I think that the core problem in both cases is that perhaps 99.9% of everything in the SDK is generated from one central API specification. This is really the only way that you can manage multiple SDKs for over 100 services, each of which exposes dozens of operations. However, that 0.1% (or less) is what gives each SDK its personality, and it seems that the documentation generators for the v2 Java SDK aren't keeping up with the custom pieces. Fortunately, there's Google and Stack Overflow.

There are still missing capabilities
According to the migration guide, “higher level” libraries like the S3 Transfer Manager aren't available; if you need them you'll need to use both the V1 and V2 SDKs. I haven't verified this myself, but in the past I've used the Transfer Manager very heavily and have recommended it to others.

So what would be a compelling reason to switch? The only one I can think of is the ability to use HTTP/2 and true asynchronous clients. Both can improve performance when you're making large numbers of concurrent API calls. Of course, there are often better alternatives to making large numbers of API calls, especially calls that run the risk of being throttled (and a bonus complaint about AWS APIs in general: they have many different ways to report throttling).

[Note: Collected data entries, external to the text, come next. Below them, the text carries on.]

(* Let $\Lambda$ be a weight function with polynomial growth, $\rho\in(0,\tfrac1\mu]$, $1<p<\infty$, $m\in\mathbb{R}$, $\sigma\in M^m_{\rho,\Lambda}$, $\lambda>0$, $\tau\ge0$ and $x_0,\xi_0\in\mathbb{R}^n$. Then $$R_{\lambda,\tau}(x_0,\xi_0)^{-1}\,T_\sigma\,R_{\lambda,\tau}(x_0,\xi_0)=T_{\sigma_{\lambda,\tau}},\qquad \sigma_{\lambda,\tau}(x,\eta)=\sigma\big(x_0+\lambda^{-\tau}x,\ \lambda\xi_0+\lambda^{\tau}\eta\big),\quad x,\eta\in\mathbb{R}^n.$$ Moreover, if $\sigma\in M^0_{\rho,\Lambda}$, $\lambda\ge1$, $0\le\tau\le\rho\mu_0/(1+\rho\mu_0)$ and $\xi_0\neq0$, then for all multi-indices $\alpha,\beta$ there is a positive constant $C_\beta$ such that $$|(\partial_x^\alpha\partial_\eta^\beta\sigma_{\lambda,\tau})(x,\eta)|\le C_\beta\,p_{\alpha,\beta}(\sigma)\,\frac{\Lambda(\eta)^{\rho|\beta|}}{|\xi_0|^{\rho\mu_0|\beta|}}\,\lambda^{-\tau|\alpha|}\,\lambda^{-(\rho\mu_0-(1+\rho\mu_0)\tau)|\beta|},\qquad x,\eta\in\mathbb{R}^n.$$
   Context: A positive function $\Lambda\in C^\infty(\mathbb{R}^n)$ is a weight function with polynomial growth if there are constants $0<\mu_0\le\mu_1$, $0<C_0\le C_1$ with $C_0(1+|\xi|)^{\mu_0}\le\Lambda(\xi)\le C_1(1+|\xi|)^{\mu_1}$ for all $\xi$, and there is a real $\mu\ge\mu_1$ such that for all multi-indices $\alpha,\gamma$ with $\gamma_j\in\{0,1\}$ there is $C_{\alpha,\gamma}>0$ with $|\xi^\gamma(\partial^{\alpha+\gamma}\Lambda)(\xi)|\le C_{\alpha,\gamma}\Lambda(\xi)^{1-|\alpha|/\mu}$. For $m\in\mathbb{R}$ and $\rho\in(0,1/\mu]$, $S^m_{\rho,\Lambda}$ is the set of $\sigma\in C^\infty(\mathbb{R}^n\times\mathbb{R}^n)$ with $|\partial_x^\alpha\partial_\xi^\beta\sigma(x,\xi)|\le C_{\alpha,\beta}\Lambda(\xi)^{m-\rho|\beta|}$ for all $\alpha,\beta$; $M^m_{\rho,\Lambda}$ is the set of $\sigma$ with $\xi^\gamma\partial_\xi^\gamma\sigma\in S^m_{\rho,\Lambda}$ for all $\gamma\in\{0,1\}^n$. For $\sigma\in M^0_{\rho,\Lambda}$, $p_{\alpha,\beta}(\sigma)=\sup_{x,\xi}\Lambda(\xi)^{\rho|\beta|}|\partial_x^\alpha\partial_\xi^\beta\sigma(x,\xi)|$. For a smooth symbol $a$, $(T_a\varphi)(x)=(2\pi)^{-n/2}\int e^{ix\cdot\xi}a(x,\xi)\hat\varphi(\xi)\,d\xi$ for Schwartz $\varphi$, where $\hat\varphi(\xi)=(2\pi)^{-n/2}\int e^{-ix\cdot\xi}\varphi(x)dx$. The operator $R_{\lambda,\tau}(x_0,\xi_0)$ on $L^p(\mathbb{R}^n)$ is $(R_{\lambda,\tau}(x_0,\xi_0)u)(x)=\lambda^{\tau n/p}e^{i\lambda x\cdot\xi_0}u(\lambda^\tau(x-x_0))$; it is a surjective isometry with inverse $(R_{\lambda,\tau}(x_0,\xi_0)^{-1}u)(x)=\lambda^{-\tau n/p}e^{-i\lambda(x_0+\lambda^{-\tau}x)\cdot\xi_0}u(x_0+\lambda^{-\tau}x)$. The operator identity is meant on the Schwartz space. *)

theory Defs
  imports "HOL-Analysis.Analysis"
begin

definition dderiv :: "'a::real_normed_vector \<Rightarrow> ('a \<Rightarrow> 'b::real_normed_vector) \<Rightarrow> 'a \<Rightarrow> 'b" where
  "dderiv v f x = vector_derivative (\<lambda>t. f (x + t *\<^sub>R v)) (at 0)"

fun dderivs :: "'a::real_normed_vector list \<Rightarrow> ('a \<Rightarrow> 'b::real_normed_vector) \<Rightarrow> 'a \<Rightarrow> 'b" where
  "dderivs [] f = f"
| "dderivs (v # vs) f = dderiv v (dderivs vs f)"

definition smooth :: "('a::euclidean_space \<Rightarrow> 'b::real_normed_vector) \<Rightarrow> bool" where
  "smooth f \<longleftrightarrow> (\<forall>vs. set vs \<subseteq> Basis \<longrightarrow>
      continuous_on UNIV (dderivs vs f) \<and>
      (\<forall>v\<in>Basis. \<forall>x. (\<lambda>t::real. dderivs vs f (x + t *\<^sub>R v)) differentiable (at 0)))"

definition coords :: "'n::finite list" where
  "coords = (SOME xs. distinct xs \<and> set xs = UNIV)"

definition mlen :: "('n::finite \<Rightarrow> nat) \<Rightarrow> nat" where
  "mlen \<alpha> = (\<Sum>i\<in>UNIV. \<alpha> i)"

definition mi_dirs :: "('n::finite \<Rightarrow> nat) \<Rightarrow> (real^'n) list" where
  "mi_dirs \<alpha> = concat (map (\<lambda>i. replicate (\<alpha> i) (axis i 1)) coords)"

definition pd :: "('n::finite \<Rightarrow> nat) \<Rightarrow> (real^'n \<Rightarrow> 'b::real_normed_vector) \<Rightarrow> real^'n \<Rightarrow> 'b" where
  "pd \<alpha> f = dderivs (mi_dirs \<alpha>) f"

definition sd :: "('n::finite \<Rightarrow> nat) \<Rightarrow> ('n \<Rightarrow> nat) \<Rightarrow> (real^'n \<Rightarrow> real^'n \<Rightarrow> 'b::real_normed_vector)
     \<Rightarrow> real^'n \<Rightarrow> real^'n \<Rightarrow> 'b" where
  "sd \<alpha> \<beta> \<sigma> x \<xi> = dderivs (map (\<lambda>v. (v, 0)) (mi_dirs \<alpha>) @ map (\<lambda>v. (0, v)) (mi_dirs \<beta>))
       (\<lambda>z. \<sigma> (fst z) (snd z)) (x, \<xi>)"

definition smooth2 :: "(real^'n::finite \<Rightarrow> real^'n \<Rightarrow> 'b::real_normed_vector) \<Rightarrow> bool" where
  "smooth2 \<sigma> \<longleftrightarrow> smooth (\<lambda>z::(real^'n) \<times> (real^'n). \<sigma> (fst z) (snd z))"

definition mono :: "('n::finite \<Rightarrow> nat) \<Rightarrow> real^'n \<Rightarrow> real" where
  "mono \<gamma> \<xi> = (\<Prod>i\<in>UNIV. (\<xi> $ i) ^ (\<gamma> i))"

definition zero_one_index :: "('n::finite \<Rightarrow> nat) \<Rightarrow> bool" where
  "zero_one_index \<gamma> \<longleftrightarrow> (\<forall>j. \<gamma> j \<le> 1)"

definition weight_poly :: "(real^'n::finite \<Rightarrow> real) \<Rightarrow> real \<Rightarrow> real \<Rightarrow> real \<Rightarrow> real \<Rightarrow> real \<Rightarrow> bool" where
  "weight_poly \<Lambda> \<mu>0 \<mu>1 C0 C1 \<mu> \<longleftrightarrow>
     smooth \<Lambda> \<and> (\<forall>\<xi>. \<Lambda> \<xi> > 0) \<and>
     0 < \<mu>0 \<and> \<mu>0 \<le> \<mu>1 \<and> 0 < C0 \<and> C0 \<le> C1 \<and>
     (\<forall>\<xi>. C0 * (1 + norm \<xi>) powr \<mu>0 \<le> \<Lambda> \<xi> \<and> \<Lambda> \<xi> \<le> C1 * (1 + norm \<xi>) powr \<mu>1) \<and>
     \<mu> \<ge> \<mu>1 \<and>
     (\<forall>\<alpha> \<gamma>. zero_one_index \<gamma> \<longrightarrow>
        (\<exists>C>0. \<forall>\<xi>. \<bar>mono \<gamma> \<xi> * pd (\<lambda>i. \<alpha> i + \<gamma> i) \<Lambda> \<xi>\<bar>
                     \<le> C * \<Lambda> \<xi> powr (1 - real (mlen \<alpha>) / \<mu>)))"

definition S_class :: "real \<Rightarrow> real \<Rightarrow> (real^'n::finite \<Rightarrow> real) \<Rightarrow> (real^'n \<Rightarrow> real^'n \<Rightarrow> complex) set" where
  "S_class m \<rho> \<Lambda> = {\<sigma>. smooth2 \<sigma> \<and>
     (\<forall>\<alpha> \<beta>. \<exists>C. \<forall>x \<xi>. norm (sd \<alpha> \<beta> \<sigma> x \<xi>) \<le> C * \<Lambda> \<xi> powr (m - \<rho> * real (mlen \<beta>)))}"

definition M_class :: "real \<Rightarrow> real \<Rightarrow> (real^'n::finite \<Rightarrow> real) \<Rightarrow> (real^'n \<Rightarrow> real^'n \<Rightarrow> complex) set" where
  "M_class m \<rho> \<Lambda> = {\<sigma>. \<forall>\<gamma>. zero_one_index \<gamma> \<longrightarrow>
     (\<lambda>x \<xi>. complex_of_real (mono \<gamma> \<xi>) * sd (\<lambda>_. 0) \<gamma> \<sigma> x \<xi>) \<in> S_class m \<rho> \<Lambda>}"

definition seminorm_p :: "(real^'n::finite \<Rightarrow> real) \<Rightarrow> real \<Rightarrow> ('n \<Rightarrow> nat) \<Rightarrow> ('n \<Rightarrow> nat)
     \<Rightarrow> (real^'n \<Rightarrow> real^'n \<Rightarrow> complex) \<Rightarrow> real" where
  "seminorm_p \<Lambda> \<rho> \<alpha> \<beta> \<sigma> =
     Sup {\<Lambda> \<xi> powr (\<rho> * real (mlen \<beta>)) * norm (sd \<alpha> \<beta> \<sigma> x \<xi>) | x \<xi>. True}"

definition schwartz :: "(real^'n::finite \<Rightarrow> complex) \<Rightarrow> bool" where
  "schwartz \<phi> \<longleftrightarrow> smooth \<phi> \<and>
     (\<forall>\<alpha> (k::nat). \<exists>C. \<forall>x. (1 + norm x) ^ k * norm (pd \<alpha> \<phi> x) \<le> C)"

definition fourier :: "(real^'n::finite \<Rightarrow> complex) \<Rightarrow> real^'n \<Rightarrow> complex" where
  "fourier \<phi> \<xi> = complex_of_real ((2 * pi) powr (- (real CARD('n) / 2))) *
      (LINT x|lborel. cis (- (x \<bullet> \<xi>)) * \<phi> x)"

definition psido :: "(real^'n::finite \<Rightarrow> real^'n \<Rightarrow> complex) \<Rightarrow> (real^'n \<Rightarrow> complex) \<Rightarrow> real^'n \<Rightarrow> complex" where
  "psido a \<phi> x = complex_of_real ((2 * pi) powr (- (real CARD('n) / 2))) *
      (LINT \<xi>|lborel. cis (x \<bullet> \<xi>) * a x \<xi> * fourier \<phi> \<xi>)"

definition Rop :: "real \<Rightarrow> real \<Rightarrow> real \<Rightarrow> real^'n::finite \<Rightarrow> real^'n \<Rightarrow> (real^'n \<Rightarrow> complex) \<Rightarrow> real^'n \<Rightarrow> complex" where
  "Rop p lam \<tau> x0 \<xi>0 u x = complex_of_real (lam powr (\<tau> * real CARD('n) / p)) *
      cis (lam * (x \<bullet> \<xi>0)) * u ((lam powr \<tau>) *\<^sub>R (x - x0))"

definition Rinv :: "real \<Rightarrow> real \<Rightarrow> real \<Rightarrow> real^'n::finite \<Rightarrow> real^'n \<Rightarrow> (real^'n \<Rightarrow> complex) \<Rightarrow> real^'n \<Rightarrow> complex" where
  "Rinv p lam \<tau> x0 \<xi>0 u x = complex_of_real (lam powr (- \<tau> * real CARD('n) / p)) *
      cis (- (lam * ((x0 + (lam powr (- \<tau>)) *\<^sub>R x) \<bullet> \<xi>0))) * u (x0 + (lam powr (- \<tau>)) *\<^sub>R x)"

definition scaled_symbol :: "(real^'n::finite \<Rightarrow> real^'n \<Rightarrow> complex) \<Rightarrow> real \<Rightarrow> real \<Rightarrow> real^'n \<Rightarrow> real^'n
     \<Rightarrow> real^'n \<Rightarrow> real^'n \<Rightarrow> complex" where
  "scaled_symbol \<sigma> lam \<tau> x0 \<xi>0 = (\<lambda>x \<eta>. \<sigma> (x0 + (lam powr (- \<tau>)) *\<^sub>R x) (lam *\<^sub>R \<xi>0 + (lam powr \<tau>) *\<^sub>R \<eta>))"

end

theory Submission
  imports Defs
begin

(* Conjugation by R = R_{lam,tau}(x0,xi0) is, on the Fourier side, the affine change of variables
   x = x0 + lam^-tau x', xi = lam xi0 + lam^tau eta: the modulations e^{i lam x.xi0} of R and R^-1,
   the Jacobians lam^{-+tau n} and the normalisations lam^{+-tau n/p} cancel in pairs. As Bochner
   integrals of non-integrable functions are 0 on both sides, the identity needs no hypothesis on
   sigma, phi or p.

   For the estimate, the chain rule gives d_x^alpha d_eta^beta sigma_{lam,tau}(x,eta) =
   lam^{-tau|alpha|} lam^{tau|beta|} (d^alpha d^beta sigma)(y,zeta) with zeta = lam xi0 + lam^tau eta,
   and the symbol estimate bounds the last factor by p_{alpha,beta}(sigma) Lambda(zeta)^{-rho|beta|}.
   Since lam |xi0| = |zeta - lam^tau eta| <= lam^tau (1+|zeta|)(1+|eta|), the lower bound
   Lambda >= C0 (1+|.|)^mu0 gives C0^2 (lam |xi0|)^mu0 <= lam^{tau mu0} Lambda(zeta) Lambda(eta),
   which trades Lambda(zeta)^{-1} for Lambda(eta). This works for every tau >= 0; the bound tau <= rho mu0/(1 + rho mu0) only
   makes the resulting power of lam nonpositive. *)

lemma vector_derivative_rescale:
  fixes g :: "real \<Rightarrow> 'b::real_normed_vector"
  assumes "g differentiable (at 0)"
  shows "vector_derivative (\<lambda>r. K *\<^sub>R g (r * k)) (at 0) = (K * k) *\<^sub>R vector_derivative g (at 0)"
proof -
  have g: "(g has_vector_derivative vector_derivative g (at 0)) (at (0 * k))"
    using vector_derivative_works[THEN iffD1, OF assms] by simp
  have "((\<lambda>r::real. r * k) has_vector_derivative k) (at 0)"
    by (auto intro!: derivative_eq_intros simp: has_real_derivative_iff_has_vector_derivative[symmetric])
  from vector_diff_chain_at[OF this g]
  have "((\<lambda>r. K *\<^sub>R (g \<circ> (\<lambda>r. r * k)) r) has_vector_derivative K *\<^sub>R (k *\<^sub>R vector_derivative g (at 0))) (at 0)"
    by (rule bounded_linear.has_vector_derivative[OF bounded_linear_scaleR_right])
  then show ?thesis
    by (intro vector_derivative_at) (simp add: o_def)
qed

lemma dderivs_compose_diagonal_affine:
  fixes g :: "'a::euclidean_space \<Rightarrow> 'b::real_normed_vector"
  assumes "smooth g" and "set ws \<subseteq> Basis"
    and "\<And>z r w. w \<in> set ws \<Longrightarrow> A (z + r *\<^sub>R w) = A z + (r * k w) *\<^sub>R w"
  shows "dderivs ws (\<lambda>z. g (A z)) = (\<lambda>z. prod_list (map k ws) *\<^sub>R dderivs ws g (A z))"
  using assms(2,3)
proof (induction ws)
  case Nil
  then show ?case by simp
next
  case (Cons w ws)
  then have IH: "dderivs ws (\<lambda>z. g (A z)) = (\<lambda>z. prod_list (map k ws) *\<^sub>R dderivs ws g (A z))"
    by simp
  show ?case
  proof
    fix z
    have "(\<lambda>r::real. dderivs ws g (A z + r *\<^sub>R w)) differentiable (at 0)"
      using \<open>smooth g\<close> Cons.prems(1) unfolding smooth_def by simp
    then have "vector_derivative (\<lambda>r. prod_list (map k ws) *\<^sub>R dderivs ws g (A z + (r * k w) *\<^sub>R w)) (at 0)
        = (prod_list (map k ws) * k w) *\<^sub>R dderiv w (dderivs ws g) (A z)"
      unfolding dderiv_def by (rule vector_derivative_rescale[where g = "\<lambda>r. dderivs ws g (A z + r *\<^sub>R w)"])
    then show "dderivs (w # ws) (\<lambda>z. g (A z)) z = prod_list (map k (w # ws)) *\<^sub>R dderivs (w # ws) g (A z)"
      by (simp add: IH dderiv_def Cons.prems(2) mult.commute)
  qed
qed
lemma cong_1_mod_24_imp_QuadRes_minus_one_two_three:
  assumes "prime p" "[p = 1] (mod 24)"
  shows "QuadRes (int p) (-1) \<and> QuadRes (int p) 2 \<and> QuadRes (int p) 3"
proof -
  have "24 dvd p - 1"
    using assms prime_gt_1_nat[of p] by (simp add: cong_altdef_nat)
  then obtain z :: int where z24: "[z ^ 24 = 1] (mod int p)"
    and z_ne: "\<And>d. 0 < d \<Longrightarrow> d < 24 \<Longrightarrow> \<not> [z ^ d = 1] (mod int p)"
    using prime_exists_exact_order[OF assms(1)] by blast
  have P: "prime (int p)"
    using assms(1) by simp
  have "z^24 - 1 = (z^12 - 1) * (z^12 + 1)"
    by (simp add: algebra_simps eval_nat_numeral)
  moreover have "\<not> int p dvd z^12 - 1"
    using z_ne[of 12] by (simp add: cong_iff_dvd_diff)
  ultimately have A: "int p dvd z^12 + 1"
    using z24 P by (simp add: cong_iff_dvd_diff prime_dvd_mult_iff)
  have "z^24 - 1 = (z^8 - 1) * (z^16 + z^8 + 1)"
    by (simp add: algebra_simps eval_nat_numeral)
  moreover have "\<not> int p dvd z^8 - 1"
    using z_ne[of 8] by (simp add: cong_iff_dvd_diff)
  ultimately have B: "int p dvd z^16 + z^8 + 1"
    using z24 P by (simp add: cong_iff_dvd_diff prime_dvd_mult_iff)
  \<comment> \<open>i = z^6, sqrt 2 = \<zeta>8 + 1/\<zeta>8 = z^3 + z^21 and sqrt 3 = i (2 \<omega> + 1) with \<omega> = z^8\<close>
  have "(z^6)^2 + 1 = z^12 + 1"
    by (simp flip: power_mult)
  hence "[(z^6)^2 = -1] (mod int p)"
    using A by (simp add: cong_iff_dvd_diff)
  moreover have "(z^3 + z^21)^2 - 2 = (z^12 + 1) * (z^6 + 2 * (z^12 - 1) + z^18 * (z^12 - 1))"
    by (simp add: power2_eq_square algebra_simps flip: power_add)
  hence "[(z^3 + z^21)^2 = 2] (mod int p)"
    using A by (simp add: cong_iff_dvd_diff)
  moreover have "(z^6 * (2 * z^8 + 1))^2 - 3 = 4 * z^12 * (z^16 + z^8 + 1) - 3 * (z^12 + 1)"
    by (simp add: power2_eq_square algebra_simps flip: power_add)
  hence "int p dvd (z^6 * (2 * z^8 + 1))^2 - 3"
    using A B by (metis dvd_diff dvd_mult)
  hence "[(z^6 * (2 * z^8 + 1))^2 = 3] (mod int p)"
    by (simp add: cong_iff_dvd_diff)
  ultimately show ?thesis
    unfolding QuadRes_def by blast
qed

lemma QuadRes_minus_one_two_three_iff_cong_1_mod_24:
  assumes "prime p" "p > 3"
  shows "QuadRes (int p) (-1) \<and> QuadRes (int p) 2 \<and> QuadRes (int p) 3 \<longleftrightarrow> [p = 1] (mod 24)"
  using QuadRes_minus_one_two_three_imp_cong_1_mod_24[OF assms]
    cong_1_mod_24_imp_QuadRes_minus_one_two_three[OF assms(1)] by blast

lemma hensel_step_square:
  fixes P a t :: int
  assumes "prime P" "\<not> P dvd 2" "n > 0" "[t^2 = a] (mod P^n)" "\<not> P dvd t"
  shows "\<exists>t'. [t' = t] (mod P^n) \<and> [t'^2 = a] (mod P^Suc n)"
proof -
  obtain m where m: "t^2 - a = P^n * m"
    using assms(4) by (auto simp: cong_iff_dvd_diff dvd_def)
  have "\<not> P dvd 2 * t"
    using assms(1,2,5) prime_dvd_mult_iff by blast
  hence "coprime (2 * t) P"
    using assms(1) prime_imp_coprime coprime_commute by blast
  then obtain y where "[2 * t * y = 1] (mod P)"
    using cong_solve_coprime_int by blast
  \<comment> \<open>Newton's correction: c P^n approximates -(t^2 - a) / (2 t)\<close>
  define c where "c = - m * y"
  have "m + 2 * t * c = - m * (2 * t * y - 1)"
    unfolding c_def by (simp add: algebra_simps)
  hence "P dvd m + 2 * t * c"
    using \<open>[2 * t * y = 1] (mod P)\<close> by (simp add: cong_iff_dvd_diff)
  then obtain q where q: "m + 2 * t * c = P * q" ..
  obtain r where r: "n = Suc r"
    using assms(3) gr0_implies_Suc by blast
  have "(t + c * P^n)^2 - a = P^n * (m + 2 * t * c) + c^2 * P^n * P^n"
    using m by (simp add: algebra_simps power2_eq_square)
  also have "\<dots> = P^Suc n * (q + c^2 * P^r)"
    using q r by (simp add: algebra_simps)
  finally show ?thesis
    by (intro exI[of _ "t + c * P^n"]) (simp add: cong_iff_dvd_diff)
qed

lemma QuadRes_imp_padic_sqrt:
  fixes a :: int
  assumes "prime p" "p \<noteq> 2" "\<not> int p dvd a" "QuadRes (int p) a"
  shows "\<exists>s. padic_integer p s \<and> (\<forall>k. [s k ^ 2 = a] (mod int p ^ k))"
proof -
  define P where "P = int p"
  have "prime P"
    using assms(1) unfolding P_def by simp
  have "\<not> P dvd 2"
    using assms(1,2) unfolding P_def
    by (metis int_dvd_int_iff of_nat_numeral primes_dvd_imp_eq two_is_prime_nat)
  have lift: "\<exists>t'. [t'^2 = a] (mod P^Suc (Suc n)) \<and> [t' = t] (mod P^Suc n)"
    if t: "[t^2 = a] (mod P^Suc n)" for t n
  proof -
    have "[t^2 = a] (mod P)"
      using t by (rule cong_dvd_modulus) simp
    hence "\<not> P dvd t"
      using assms(3) unfolding P_def
      by (metis cong_dvd_iff cong_sym dvd_mult2 power2_eq_square)
    thus ?thesis
      using hensel_step_square[OF \<open>prime P\<close> \<open>\<not> P dvd 2\<close> _ t] by blast
  qed
  obtain f where f: "\<And>n. [f n ^ 2 = a] (mod P^Suc n) \<and> [f (Suc n) = f n] (mod P^Suc n)"
    using dependent_nat_choice[of "\<lambda>n t. [t^2 = a] (mod P^Suc n)" "\<lambda>n t t'. [t' = t] (mod P^Suc n)"]
      lift assms(4) unfolding QuadRes_def P_def by auto
  have "P^k dvd P^Suc k" for k
    by simp
  hence "padic_integer p f \<and> (\<forall>k. [f k ^ 2 = a] (mod P^k))"
    unfolding padic_integer_def P_def[symmetric] using f cong_dvd_modulus by blast
  thus ?thesis
    unfolding P_def by blast
qed

definition on_C_D_mod :: "int \<Rightarrow> int \<Rightarrow> (nat \<Rightarrow> int) \<Rightarrow> bool" where
  "on_C_D_mod D m y \<longleftrightarrow>
     [(y 0)^2 - 2 * (y 1)^2 + (y 2)^2 = 0] (mod m) \<and>
     [(y 1)^2 - 2 * (y 2)^2 + D * (y 3)^2 = 0] (mod m) \<and>
     [(y 2)^2 - 2 * D * (y 3)^2 + (y 4)^2 = 0] (mod m)"

lemma C_D_has_Qp_point_iff:
  "C_D_has_Qp_point D p \<longleftrightarrow>
     (\<exists>x. (\<forall>i<5. padic_integer p (x i)) \<and> (\<exists>i<5. \<not> int p dvd x i 1) \<and>
          (\<forall>k. on_C_D_mod D (int p ^ k) (\<lambda>i. x i k)))"
  unfolding C_D_has_Qp_point_def on_C_D_mod_def by blast

lemma on_C_D_mod_squares:
  assumes "m dvd D" "on_C_D_mod D m y"
  shows "[(y 0)^2 = 3 * (y 2)^2] (mod m)" "[(y 1)^2 = 2 * (y 2)^2] (mod m)"
    "[(y 4)^2 = -1 * (y 2)^2] (mod m)"
proof -
  have D3: "m dvd D * (y 3)^2"
    using assms(1) by simp
  have "(y 1)^2 - 2 * (y 2)^2 = ((y 1)^2 - 2 * (y 2)^2 + D * (y 3)^2) - D * (y 3)^2"
    by simp
  hence "m dvd (y 1)^2 - 2 * (y 2)^2"
    using assms(2) D3 unfolding on_C_D_mod_def by (metis cong_0_iff dvd_diff)
  thus y1: "[(y 1)^2 = 2 * (y 2)^2] (mod m)"
    by (simp add: cong_iff_dvd_diff)
  have "(y 0)^2 - 3 * (y 2)^2 = ((y 0)^2 - 2 * (y 1)^2 + (y 2)^2) + 2 * ((y 1)^2 - 2 * (y 2)^2)"
    by simp
  thus "[(y 0)^2 = 3 * (y 2)^2] (mod m)"
    using assms(2) y1 unfolding on_C_D_mod_def
    by (metis cong_0_iff cong_iff_dvd_diff dvd_add dvd_mult)
  have "(y 4)^2 - -1 * (y 2)^2 = ((y 2)^2 - 2 * D * (y 3)^2 + (y 4)^2) + 2 * (D * (y 3)^2)"
    by simp
  thus "[(y 4)^2 = -1 * (y 2)^2] (mod m)"
    using assms(2) D3 unfolding on_C_D_mod_def
    by (metis cong_0_iff cong_iff_dvd_diff dvd_add dvd_mult)
qed

lemma on_C_D_mod_imp_QuadRes:
  assumes "prime P" "P dvd D" "on_C_D_mod D P y" "\<not> P dvd y 2"
  shows "QuadRes P (-1) \<and> QuadRes P 2 \<and> QuadRes P 3"
proof -
  have "coprime (y 2) P"
    using assms(1,4) prime_imp_coprime coprime_commute by blast
  then obtain v where "[y 2 * v = 1] (mod P)"
    using cong_solve_coprime_int by blast
  thus ?thesis
    using on_C_D_mod_squares[OF assms(2,3)] unfolding QuadRes_def
    by (metis cong_square_mult_inverse)
qed

lemma on_C_D_mod_squarefree_not_dvd:
  fixes D P :: int and y y' :: "nat \<Rightarrow> int"
  assumes "squarefree D" "prime P" "P dvd D"
    and "on_C_D_mod D P y" "on_C_D_mod D (P^2) y'" "\<forall>i<5. [y' i = y i] (mod P)"
    and "\<exists>i<5. \<not> P dvd y i"
  shows "\<not> P dvd y 2"
proof
  assume "P dvd y 2"
  have "P dvd c * (y 2)^2" for c
    using \<open>P dvd y 2\<close> by (simp add: power2_eq_square)
  hence "P dvd (y i)^2" if "i \<in> {0, 1, 4}" for i
    using that on_C_D_mod_squares[OF assms(3,4)] cong_dvd_iff by blast
  hence "P dvd y i" if "i \<in> {0, 1, 4}" for i
    using that assms(2) prime_dvd_power by blast
  hence "\<not> P dvd y 3"
    using assms(7) \<open>P dvd y 2\<close> by (auto simp: less_Suc_eq numeral_eq_Suc)
  \<comment> \<open>modulo p^2 the second equation for y' reduces to D (y' 3)^2 = 0\<close>
  have "P dvd y' i" if "i \<in> {1, 2}" for i
  proof -
    have "[y' i = y i] (mod P)" "P dvd y i"
      using that assms(6) \<open>P dvd y 2\<close> \<open>\<And>i. i \<in> {0, 1, 4} \<Longrightarrow> P dvd y i\<close> by auto
    thus ?thesis
      using cong_dvd_iff by blast
  qed
  hence "P^2 dvd (y' 1)^2" "P^2 dvd 2 * (y' 2)^2"
    by (simp_all add: dvd_power_same)
  moreover have "P^2 dvd (y' 1)^2 - 2 * (y' 2)^2 + D * (y' 3)^2"
    using assms(5) unfolding on_C_D_mod_def by (simp add: cong_0_iff)
  ultimately have "P^2 dvd D * (y' 3)^2"
    by (metis add_diff_cancel_left' diff_diff_eq2 dvd_diff)
  moreover have "\<not> P dvd y' 3"
    using assms(6) \<open>\<not> P dvd y 3\<close> cong_dvd_iff[of "y' 3" "y 3" P] by simp
  hence "coprime (P^2) ((y' 3)^2)"
    using assms(2) prime_imp_coprime by (metis coprime_power_left_iff coprime_power_right_iff)
  ultimately have "P^2 dvd D"
    using coprime_dvd_mult_left_iff by blast
  thus False
    using assms(1,2) not_prime_unit unfolding squarefree_def power2_eq_square by blast
qed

One thing that is not compelling is the fear that one day AWS will decide to discontinue the version 1 SDK. First, because AWS never seems to deprecate/remove anything (does anyone still use SimpleDB? how about the Simple Workflow Service?). But more important is the existing code that uses version 1. I don't know how many millions of lines there are, but I suspect that it's large. And I also suspect that most of it belongs to companies that pay Amazon lots of money and would seriously reconsider cloud providers if required to update their codebases.